Vue de référence : Neutre avec un léger biais baissier sous 2 320 $. La convergence des moyennes mobiles forme un groupe de résistance redoutable. Les fortes entrées d'ETF et les métriques on-chain plaident contre des positions vendeuses agressives. Une clôture hebdomadaire au-dessus de 2 345 $ serait le premier signal convaincant de reprise.

Conclusion

La semaine du 4 au 8 mai apporte un calendrier macro resserré mais à fort impact : ISM Services PMI (mardi), ADP Emploi (mercredi), inscriptions hebdomadaires au chômage (jeudi) et Nonfarm Payrolls américains pour avril (vendredi 8 mai) – le premier rapport suivant la dernière réunion du FOMC de Powell, alors que Kevin Warsh attend la confirmation du Sénat.
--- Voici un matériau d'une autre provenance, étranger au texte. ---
lemma auto_image_r_coset:
  assumes "\<phi> \<in> auto G" "\<phi> ` N = N" "N \<subseteq> carrier G" "g \<in> carrier G"
  shows "\<phi> ` (N #> g) = N #> \<phi> g"
proof -
  have "\<phi> ` (N #> g) = (\<lambda>n. \<phi> (n \<otimes> g)) ` N"
    by (auto simp: r_coset_def)
  also have "\<dots> = (\<lambda>n. \<phi> n \<otimes> \<phi> g) ` N"
  proof (rule image_cong[OF refl])
    fix n assume "n \<in> N"
    then show "\<phi> (n \<otimes> g) = \<phi> n \<otimes> \<phi> g"
      using assms(1,3,4) by (auto simp: auto_def intro: hom_mult)
  qed
  also have "\<dots> = (\<lambda>n. n \<otimes> \<phi> g) ` (\<phi> ` N)"
    by (simp add: image_image)
  also have "\<dots> = N #> \<phi> g"
    unfolding assms(2) by (auto simp: r_coset_def)
  finally show ?thesis .
qed

lemma characteristic_induced_auto:
  assumes "characteristic N G" "\<phi> \<in> auto G"
  shows "(\<lambda>U\<in>carrier (G Mod N). \<phi> ` U) \<in> auto (G Mod N)"
proof -
  interpret normal N G
    using characteristic_imp_normal[OF assms(1)] .
  define \<psi> where "\<psi> = (\<lambda>U\<in>carrier (G Mod N). \<phi> ` U)"
  have \<phi>: "\<phi> \<in> hom G G" "bij_betw \<phi> (carrier G) (carrier G)"
    using assms(2) by (auto simp: auto_def Bij_def)
  have car: "carrier (G Mod N) = (\<lambda>x. N #> x) ` carrier G"
    by (rule carrier_FactGroup)
  have \<psi>_coset: "\<psi> (N #> g) = N #> \<phi> g" if "g \<in> carrier G" for g
  proof -
    have "N #> g \<in> carrier (G Mod N)"
      using car that by blast
    moreover have "\<phi> ` N = N"
      using assms unfolding characteristic_def by blast
    ultimately show ?thesis
      unfolding \<psi>_def using auto_image_r_coset[OF assms(2) _ subset that] by simp
  qed
  have \<phi>_carrier: "\<phi> g \<in> carrier G" if "g \<in> carrier G" for g
    using \<phi>(1) that by (rule hom_in_carrier)
  have hom: "\<psi> \<in> hom (G Mod N) (G Mod N)"
  proof (rule homI)
    fix U assume "U \<in> carrier (G Mod N)"
    then show "\<psi> U \<in> carrier (G Mod N)"
      using car \<psi>_coset \<phi>_carrier by auto
  next
    fix U V assume "U \<in> carrier (G Mod N)" "V \<in> carrier (G Mod N)"
    then obtain x y where "x \<in> carrier G" "U = N #> x" "y \<in> carrier G" "V = N #> y"
      using car by auto
    then show "\<psi> (U \<otimes>\<^bsub>G Mod N\<^esub> V) = \<psi> U \<otimes>\<^bsub>G Mod N\<^esub> \<psi> V"
      using \<phi>(1) \<psi>_coset \<phi>_carrier by (simp add: rcos_sum hom_mult)
  qed
  have "carrier (G Mod N) \<subseteq> Pow (carrier G)"
    using car r_coset_subset_G[OF subset] by auto
  then have "inj_on (image \<phi>) (carrier (G Mod N))"
    using inj_on_image_Pow[OF bij_betw_imp_inj_on[OF \<phi>(2)]] by (rule inj_on_subset[rotated])
  then have inj: "inj_on \<psi> (carrier (G Mod N))"
    unfolding \<psi>_def by (simp add: inj_on_def)
  have "\<psi> ` carrier (G Mod N) = (\<lambda>x. N #> x) ` (\<phi> ` carrier G)"
    unfolding car image_image using \<psi>_coset by simp
  then have surj: "\<psi> ` carrier (G Mod N) = carrier (G Mod N)"
    using \<phi>(2) car by (simp add: bij_betw_def)
  have "\<psi> \<in> extensional (carrier (G Mod N))"
    unfolding \<psi>_def by simp
  then show ?thesis
    using hom inj surj unfolding \<psi>_def[symmetric] by (simp add: auto_def Bij_def bij_betw_def)
qed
Ces données s'inscrivent dans un cadre défini par une Fed figée, une BCE basculant vers des hausses, et un détroit d'Ormuz qui reste fermé sans résolution à court terme après le rejet par Trump de la dernière proposition iranienne.

L'EUR/USD est soutenu par l'évolution des écarts de taux mais attend les NFP pour son prochain mouvement directionnel. Le Brent consolide à des niveaux élevés – le choc d'offre s'approfondit, il ne s'estompe pas. L'or est pris dans un bras de fer entre la demande de valeur refuge et la pression inflationniste tirée par le pétrole. L'argent fait face à des vents contraires similaires sous une forme amplifiée. Le Bitcoin fait preuve d'une résilience remarquable grâce à l'accumulation institutionnelle et à une offre record sur les exchanges, avec 80 000 $ comme niveau de cassure déterminant. L'Ethereum suit étroitement le Bitcoin avec un bêta plus élevé, le groupe 2 320–2 345 $ constituant l'obstacle technique clé.

La question centrale de la semaine : le marché du travail américain montrera-t-il suffisamment de faiblesse pour ranimer les attentes de baisses de taux – et si oui, cela pourra-t-il l'emporter sur le surplomb inflationniste persistant d'un Brent à 108 $ ? La réponse donnera le ton directionnel sur l'ensemble des six instruments jusqu'à la mi-mai.